Out of the blue Writer Alan Bennett is getting publicity for...





Out of the blue


Writer Alan Bennett is getting publicity for his new play People which has just opened at the National Theatre in London. One critic (Douglas Murray in the Spectator magazine) writes:


Few writers have fallen off so steeply or horribly as Bennett. He has become an object lesson in how a talent curdles. Anybody who cares about good work and great work would do best to re-read early Bennett and look away now.”

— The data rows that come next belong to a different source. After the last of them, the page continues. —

lemma ct_eq_cartan_form:
  fixes L :: "real^'n::finite \<Rightarrow> real^'n \<Rightarrow> real"
  assumes f: "smooth_on (UNIV - {0}) (L x)" and y: "y \<noteq> 0"
  shows "ct L x y = cartan_form (grad (L x) y) (L x y) (hess (L x) y) (hess3 (L x) y)"
proof (intro ext)
  fix i j k
  let ?F = "L x"
  have d: "\<And>g. g \<in> {?F, pd i ?F, pd j ?F, pd i (pd j ?F)} \<Longrightarrow> g differentiable (at y)"
    using smooth_on_derivs_differentiable[OF f] y by auto
  have "gt L x z i j = pd i ?F z * pd j ?F z + ?F z * pd i (pd j ?F) z" if "z \<in> UNIV - {0}" for z
    using gt_eq_fund_form[of L x z i j, OF f] that by (simp add: fund_form_def grad_def hess_def)
  then have "pd k (\<lambda>z. gt L x z i j) y = pd k (\<lambda>z. pd i ?F z * pd j ?F z + ?F z * pd i (pd j ?F) z) y"
    by (intro pd_cong_open[OF open_punctured]) (use y in auto)
  also have "\<dots> = pd k (\<lambda>z. pd i ?F z * pd j ?F z) y + pd k (\<lambda>z. ?F z * pd i (pd j ?F) z) y"
    by (rule pd_add) (use d in \<open>auto intro: differentiable_mult\<close>)
  also have "\<dots> = pd k (pd i ?F) y * pd j ?F y + pd i ?F y * pd k (pd j ?F) y
      + (pd k ?F y * pd i (pd j ?F) y + ?F y * pd k (pd i (pd j ?F)) y)"
    using d by (simp add: pd_mult)
  finally show "ct L x y i j k = cartan_form (grad ?F y) (L x y) (hess ?F y) (hess3 ?F y) i j k"
    unfolding ct_def cartan_form_def grad_def hess_def hess3_def by (simp add: algebra_simps)
qed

Then, a few days later in The Independent, comes a two-page exaltation of a play where the reviewer didn’t yet know the plot:


Bennett is a brilliant satirist and poet of the heart. His compendium of diaries, profiles etc. in Untold Stories is one of the great books of our time.. writing at its best, funniest and most purposeful. Everything he writes is also an excuse to vent an opinion. And it’s because he has so much to say, and can say it so well that we anticipate the next play at the National Theatre with such unbounded pleasure and respect.”


Who would be a writer, with each new play or book open to possible acclaim or violent criticism?


What does Bennett himself say?


You don’t put your life into your books, you find it there.”


A book is a device to ignite the imagination.”


Sometimes there is no next time, no time-outs, no second chances. Sometimes it’s now or never.”


Life is rather like a tin of sardines - we’re all of us looking for the key.”


The early reviews of People have been mixed. Somehow I don’t think Bennett will be too upset by the adverse criticism.